The results of our behavioral investigations demonstrate the anxiolytic-like effects of OLE in an animal model of anxiety. The administration of OLE after SPS significantly reduced anxiety-like behavior in the EPM test, as indicated by more entries and exploratory behaviors, and less avoidance of the open arms, yielding lower anxiety indices (Cohen et al. 2012). OLE administration after SPS also significantly increased the time spent and number of central zone crossings in the OFT. These changes in anxiety-like behavior appear to have been specific and not the result of impaired locomotor activity because the track length in the EPM test and OFT was similar for all groups. Thus, because behavior in the EPM test and OFT are related to HPA axis-associated psychological dysfunction, these results indicate that inhibition by OLE may attenuate HPA axis activity.
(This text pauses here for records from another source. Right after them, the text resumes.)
lemma spd_nonneg: "spd Y \<Longrightarrow> 0 \<le> x \<bullet> (Y *v x)"
  unfolding spd_def by (cases "x = 0") (auto intro: less_imp_le)

lemma spd_coercive:
  fixes Y :: "real^'n^'n"
  assumes "spd Y"
  obtains c where "c > 0" "\<And>x. c * (norm x)\<^sup>2 \<le> x \<bullet> (Y *v x)"
proof -
  let ?q = "\<lambda>x::real^'n. x \<bullet> (Y *v x)"
  have "continuous_on (sphere 0 1) ?q"
    by (intro continuous_on_inner continuous_on_id linear_continuous_on_compose[OF continuous_on_id]) simp
  then obtain x0 where x0: "x0 \<in> sphere 0 1" "\<forall>y\<in>sphere 0 1. ?q x0 \<le> ?q y"
    using continuous_attains_inf[OF compact_sphere, of 0 1] by force
  then have "x0 \<noteq> 0" by auto
  then have pos: "?q x0 > 0" using assms unfolding spd_def by blast
  have "?q x0 * (norm x)\<^sup>2 \<le> ?q x" for x
  proof (cases "x = 0")
    case False
    define u where "u = (1 / norm x) *\<^sub>R x"
    have "u \<in> sphere 0 1" using False by (simp add: u_def)
    then have "?q x0 \<le> ?q u" using x0(2) by blast
    moreover have "?q x = (norm x)\<^sup>2 * ?q u"
      using False by (simp add: u_def matrix_vector_mult_scaleR power2_eq_square)
    ultimately show ?thesis by (metis mult.commute mult_right_mono zero_le_power2)
  qed simp
  with pos that show ?thesis by blast
qed

lemma inner_sylvester_lower_bound:
  fixes Y1 Y2 E :: "real^'n^'n"
  assumes psd: "\<And>x. 0 \<le> x \<bullet> (Y1 *v x)" and coercive: "\<And>x. c * (norm x)\<^sup>2 \<le> x \<bullet> (Y2 *v x)"
    and sym: "transpose Y2 = Y2"
  shows "c * (norm E)\<^sup>2 \<le> E \<bullet> (Y1 ** E + E ** Y2)"
proof -
  have "E \<bullet> (Y1 ** E) = (\<Sum>i\<in>UNIV. \<Sum>j\<in>UNIV. E$i$j * (\<Sum>k\<in>UNIV. Y1$i$k * E$k$j))"
    by (simp add: inner_vec_def matrix_matrix_mult_def)
  also have "\<dots> = (\<Sum>j\<in>UNIV. column j E \<bullet> (Y1 *v column j E))"
    by (subst sum.swap) (simp add: inner_vec_def matrix_vector_mult_def column_def)
  finally have cols: "E \<bullet> (Y1 ** E) = (\<Sum>j\<in>UNIV. column j E \<bullet> (Y1 *v column j E))" .
  have "Y2 $ j $ k = Y2 $ k $ j" for j k
    using sym by (metis transpose_def vec_lambda_beta)
  then have rows: "E \<bullet> (E ** Y2) = (\<Sum>i\<in>UNIV. E$i \<bullet> (Y2 *v E$i))"
    by (simp add: inner_vec_def matrix_matrix_mult_def matrix_vector_mult_def sum_distrib_left mult_ac)
  have "0 \<le> E \<bullet> (Y1 ** E)"
    unfolding cols by (intro sum_nonneg psd)
  moreover have "c * (norm E)\<^sup>2 = (\<Sum>i\<in>UNIV. c * (norm (E$i))\<^sup>2)"
    by (simp add: power2_norm_eq_inner inner_vec_def sum_distrib_left)
  then have "c * (norm E)\<^sup>2 \<le> E \<bullet> (E ** Y2)"
    unfolding rows by (simp add: sum_mono coercive)
  ultimately show ?thesis by (simp add: inner_add_right)
qed

lemma norm_sylvester_lower_bound:
  fixes Y1 Y2 E :: "real^'n^'n"
  assumes "\<And>x. 0 \<le> x \<bullet> (Y1 *v x)" "\<And>x. c * (norm x)\<^sup>2 \<le> x \<bullet> (Y2 *v x)"
    and "transpose Y2 = Y2"
  shows "c * norm E \<le> norm (Y1 ** E + E ** Y2)"
proof (cases "E = 0")
  case False
  have "c * (norm E)\<^sup>2 \<le> norm E * norm (Y1 ** E + E ** Y2)"
    using inner_sylvester_lower_bound[OF assms, of E] norm_cauchy_schwarz[of E "Y1 ** E + E ** Y2"]
    by linarith
  with False show ?thesis by (simp add: power2_eq_square)
qed simp

lemma spd_square_eq_imp_eq:
  fixes Y1 Y2 :: "real^'n^'n"
  assumes "spd Y1" "spd Y2" "Y1 ** Y1 = Y2 ** Y2"
  shows "Y1 = Y2"
proof -
  obtain c where c: "c > 0" "\<And>x. c * (norm x)\<^sup>2 \<le> x \<bullet> (Y2 *v x)"
    using spd_coercive[OF assms(2)] by blast
  have "c * norm (Y1 - Y2) \<le> norm (Y1 ** (Y1 - Y2) + (Y1 - Y2) ** Y2)"
    using spd_nonneg[OF assms(1)] c(2) assms(2)
    by (intro norm_sylvester_lower_bound) (auto simp: spd_def)
  also have "Y1 ** (Y1 - Y2) + (Y1 - Y2) ** Y2 = 0"
    using assms(3) by (simp add: matrix_ring_simps)
  finally show ?thesis using c(1) by (simp add: mult_le_0_iff)
qed

text \<open>Conjugating Y by U yields another positive definite square root of \<open>Y ** Y\<close>.\<close>

lemma spd_commute_orthogonal:
  fixes U Y :: "real^'n^'n"
  assumes U: "orthogonal_matrix U" and Y: "spd Y"
    and conj: "transpose U ** (Y ** Y) ** U = Y ** Y"
  shows "Y ** U = U ** Y"
proof -
  have U1: "transpose U ** U = mat 1" and U2: "U ** transpose U = mat 1"
    using U by (auto simp: orthogonal_matrix_def)
  define Y' where "Y' = transpose U ** Y ** U"
  have "spd Y'"
    unfolding spd_def
  proof (intro conjI allI impI)
    show "transpose Y' = Y'"
      using Y by (simp add: Y'_def spd_def matrix_transpose_mul matrix_mul_assoc)
    fix x :: "real^'n" assume "x \<noteq> 0"
    then have "U *v x \<noteq> 0"
      using U1 by (metis matrix_vector_mul_assoc matrix_vector_mul_lid matrix_vector_mult_0_right)
    then have "0 < (U *v x) \<bullet> (Y *v (U *v x))" using Y by (simp add: spd_def)
    also have "\<dots> = x \<bullet> (transpose U *v (Y *v (U *v x)))"
      by (metis dot_lmul_matrix vector_transpose_matrix)
    also have "\<dots> = x \<bullet> (Y' *v x)"
      by (simp only: Y'_def matrix_vector_mul_assoc matrix_mul_assoc)
    finally show "0 < x \<bullet> (Y' *v x)" .
  qed
  moreover have "Y' ** Y' = transpose U ** (Y ** Y) ** U"
    by (simp add: Y'_def matrix_mul_assoc) (metis U2 matrix_mul_assoc matrix_mul_rid)
  ultimately have "Y' = Y" using Y conj spd_square_eq_imp_eq by metis
  then show ?thesis by (metis Y'_def U2 matrix_mul_assoc matrix_mul_lid)
qed

lemma transpose_polar_mult_polar:
  fixes Q Y :: "real^'n^'n"
  assumes "orthogonal_matrix Q" "transpose Y = Y"
  shows "transpose (Q ** Y) ** (Q ** Y) = Y ** Y"
proof -
  have "transpose (Q ** Y) ** (Q ** Y) = transpose Y ** (transpose Q ** Q) ** Y"
    by (simp add: matrix_transpose_mul matrix_mul_assoc)
  with assms show ?thesis by (simp add: orthogonal_matrix_def)
qed

lemma polar_derivative_decomposition:
  fixes Q Y N :: "real^'n^'n"
  assumes Q: "orthogonal_matrix Q" and sym: "transpose Y = Y" and commute: "Y ** N = N ** Y"
  shows "Y ** (Y ** msym N) + (Y ** msym N) ** Y
           = transpose (Q ** Y ** N) ** (Q ** Y) + transpose (Q ** Y) ** (Q ** Y ** N)"
    and "Q ** Y ** N = Q ** (Y ** msym N) + (Q ** mskew N) ** Y"
proof -
  have commute_transpose: "Y ** transpose N = transpose N ** Y"
    using arg_cong[OF commute, of transpose] by (simp add: matrix_transpose_mul sym)
  have "Y ** (Y ** msym N) + (Y ** msym N) ** Y
      = (1/2) *\<^sub>R (Y ** Y ** N + Y ** Y ** transpose N + Y ** N ** Y + Y ** transpose N ** Y)"
    by (simp add: msym_def matrix_ring_simps matrix_mul_assoc algebra_simps)
  also have "Y ** N ** Y = Y ** Y ** N" by (metis commute matrix_mul_assoc)
  also have "Y ** Y ** transpose N = transpose N ** (Y ** Y)"
    by (metis commute_transpose matrix_mul_assoc)
  also have "Y ** transpose N ** Y = transpose N ** (Y ** Y)"
    by (metis commute_transpose matrix_mul_assoc)
  also have "(1/2) *\<^sub>R (Y ** Y ** N + transpose N ** (Y ** Y) + Y ** Y ** N + transpose N ** (Y ** Y))
      = Y ** Y ** N + transpose N ** (Y ** Y)"
    by (simp add: vec_eq_iff algebra_simps)
  also have "\<dots> = transpose (Q ** Y ** N) ** (Q ** Y) + transpose (Q ** Y) ** (Q ** Y ** N)"
    using transpose_polar_mult_polar[OF Q sym]
    by (metis add.commute matrix_mul_assoc matrix_transpose_mul)
  finally show "Y ** (Y ** msym N) + (Y ** msym N) ** Y
      = transpose (Q ** Y ** N) ** (Q ** Y) + transpose (Q ** Y) ** (Q ** Y ** N)" .
  have "msym N + mskew N = N"
    by (simp add: msym_def mskew_def scaleR_add_right[symmetric])
  moreover have "mskew N ** Y = Y ** mskew N"
    by (simp add: mskew_def matrix_ring_simps commute commute_transpose)
  ultimately show "Q ** Y ** N = Q ** (Y ** msym N) + (Q ** mskew N) ** Y"
    by (metis matrix_add_ldistrib matrix_mul_assoc)
qed

lemma rotation_pencil_polar_factor_commute:
  fixes R0 R1 Q Y :: "real^'n^'n" and a b c d :: real
  defines "A \<equiv> a *\<^sub>R R0 + b *\<^sub>R R1" and "B \<equiv> c *\<^sub>R R0 + d *\<^sub>R R1"
  assumes R0: "orthogonal_matrix R0" and R1: "orthogonal_matrix R1" and "invertible A"
    and polar: "A = Q ** Y" "orthogonal_matrix Q" "spd Y"
  shows "Y ** (matrix_inv A ** B) = (matrix_inv A ** B) ** Y"
proof -
  define R where "R = transpose R0 ** R1"
  define M where "M = a *\<^sub>R mat 1 + b *\<^sub>R R"
  define K where "K = c *\<^sub>R mat 1 + d *\<^sub>R R"
  have R: "orthogonal_matrix R"
    using R0 R1 by (simp add: R_def orthogonal_matrix_mul)
  then have RtR: "transpose R ** R = mat 1" and RRt: "R ** transpose R = mat 1"
    by (auto simp: orthogonal_matrix_def)
  have R0tR0: "transpose R0 ** R0 = mat 1" and "R0 ** transpose R0 = mat 1"
    using R0 by (auto simp: orthogonal_matrix_def)
  then have "R0 ** R = R1" by (simp add: R_def matrix_mul_assoc)
  then have AM: "A = R0 ** M" and BK: "B = R0 ** K"
    by (simp_all add: A_def B_def M_def K_def matrix_ring_simps)
  have "Y ** Y = transpose A ** A"
    using polar transpose_polar_mult_polar by (metis spd_def)
  also have "\<dots> = transpose M ** M"
    by (simp add: AM matrix_transpose_mul matrix_mul_assoc)
      (metis R0tR0 matrix_mul_assoc matrix_mul_lid)
  finally have square: "Y ** Y = transpose M ** M" .
  have "transpose R ** (transpose M ** M) ** R = transpose M ** M"
    by (simp add: M_def matrix_ring_simps RtR RRt matrix_mul_assoc[symmetric])
  then have "Y ** R = R ** Y"
    using spd_commute_orthogonal[OF R \<open>spd Y\<close>] square by simp
  then have YM: "Y ** M = M ** Y" and YK: "Y ** K = K ** Y"
    by (simp_all add: M_def K_def matrix_ring_simps)
  define N where "N = matrix_inv A ** B"
  have left_inverse: "(matrix_inv A ** R0) ** M = mat 1"
    using matrix_inv_left[OF \<open>invertible A\<close>] by (simp add: AM matrix_mul_assoc)
  have "R0 ** (M ** N) = R0 ** K"
    using matrix_inv_right[OF \<open>invertible A\<close>]
    by (simp add: N_def AM[symmetric] BK[symmetric] matrix_mul_assoc)
  then have MN: "M ** N = K"
    by (metis R0tR0 matrix_mul_assoc matrix_mul_lid)
  have "M ** (Y ** N) = M ** (N ** Y)"
    by (metis MN YK YM matrix_mul_assoc)
  then have "Y ** N = N ** Y"
    by (metis left_inverse matrix_mul_assoc matrix_mul_lid)
  then show ?thesis by (simp add: N_def)
qed

lemma has_vector_derivative_quadratic_remainder:
  fixes f :: "real \<Rightarrow> 'a::real_normed_vector"
  assumes "d > 0"
    and remainder: "\<forall>s\<in>S. \<bar>s - t\<bar> < d \<longrightarrow> norm (f s - f t - (s - t) *\<^sub>R z) \<le> C * (s - t)\<^sup>2"
  shows "(f has_vector_derivative z) (at t within S)"
  unfolding has_vector_derivative_def has_derivative_within_alt
proof (intro conjI allI impI)
  show "bounded_linear (\<lambda>x. x *\<^sub>R z)" by (rule bounded_linear_scaleR_left)
  fix e :: real assume "e > 0"
  define d' where "d' = min d (e / (\<bar>C\<bar> + 1))"
  have "d' > 0" using \<open>e > 0\<close> \<open>d > 0\<close> by (simp add: d'_def)
  moreover have "norm (f s - f t - (s - t) *\<^sub>R z) \<le> e * norm (s - t)"
    if "s \<in> S" "norm (s - t) < d'" for s
  proof -
    have "\<bar>s - t\<bar> < d" "(\<bar>C\<bar> + 1) * \<bar>s - t\<bar> \<le> e"
      using that by (auto simp: d'_def pos_less_divide_eq mult.commute less_imp_le)
    have "norm (f s - f t - (s - t) *\<^sub>R z) \<le> C * (s - t)\<^sup>2"
      using remainder that(1) \<open>\<bar>s - t\<bar> < d\<close> by blast
    also have "\<dots> \<le> \<bar>C\<bar> * \<bar>s - t\<bar> * \<bar>s - t\<bar>"
      by (simp add: power2_eq_square abs_mult[symmetric])
    also have "\<dots> \<le> (\<bar>C\<bar> + 1) * \<bar>s - t\<bar> * \<bar>s - t\<bar>"
      by (simp add: mult_right_mono)
    also have "\<dots> \<le> e * \<bar>s - t\<bar>"
      using \<open>(\<bar>C\<bar> + 1) * \<bar>s - t\<bar> \<le> e\<close> by (simp add: mult_right_mono)
    finally show ?thesis by simp
  qed
  ultimately show "\<exists>d>0. \<forall>s\<in>S. norm (s - t) < d \<longrightarrow>
      norm (f s - f t - (s - t) *\<^sub>R z) \<le> e * norm (s - t)"
    by blast
qed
In the present study, in rats subjected to SPS, OLE reduced the decrease in NPY expression in the hippocampus of rats subjected to SPS (Serova et al. 2014). SPS-induced psychopathological conditions, including anxiety, have been linked to TH activity, so we assessed TH expression in the LC and found decreased TH-like immunoreactivity (Serova et al. 2013). Some studies suggest that SPS results in physiological and behavioral changes reminiscent of PTSD symptoms linked to the LC-NE system, and SPS is known to induce an elevation in TH mRNA in the LC (George et al. 2013). However, OLE did not significantly inhibit the increase in expression of TH in the LC or hippocampal NE levels. Many studies have suggested that PTSD patients have elevated NE levels in the brain and that this increase is correlated with disease severity (Geracioti et al. 2008). Exaggerated central noradrenergic activity is primarily observed in response to various trauma-associated stimuli rather than under resting conditions, in PTSD patients (Geracioti et al. 2008). Thus, OLE may not modulate the central adrenergic system, and may indirectly alter catecholamine synthesis in the brain. Many studies have suggested that PTSD can affect the neuronal circuitry and cause an imbalance in neurotransmitters, intensifying anxiety (Ebenezer et al. 2016). We hypothesized that SPS-induced anxiety-like symptoms would be associated with central 5-HT dysfunction. We have shown that PTSD animals treated with OLE had significant increases in 5-HT levels in the hippocampus and that this may have inhibited the pathophysiology of PTSD. The effects of OLE can be reversed by 5-HT manipulation (Lin et al. 2016). Thus, the present findings indicate that OLE, like FLX, attenuates the behavior and neurochemical responses associated with anxiety by modulating NPY expression and the serotonergic system in the brain (Aykaç et al. 2012).

Our study also found that SPS decreased the expression of BDNF mRNA in rat hippocampus as well as anxiety-like behaviors. OLE restored hippocampal BDNF mRNA levels, suggesting that the modulation of BDNF signaling plays a role in the anxiolytic actions of OLE.

In summary, OLE administration was associated with anxiolytic-like effects in the EPM test and OFT, possibly via modification of NPY expression in the serotonergic system. These findings indicate that OLE can ameliorate the complex behavior and neurochemical responses involved in anxiety. Thus, OLE may be a useful agent in preventing anxiety-like behavior associated with PTSD.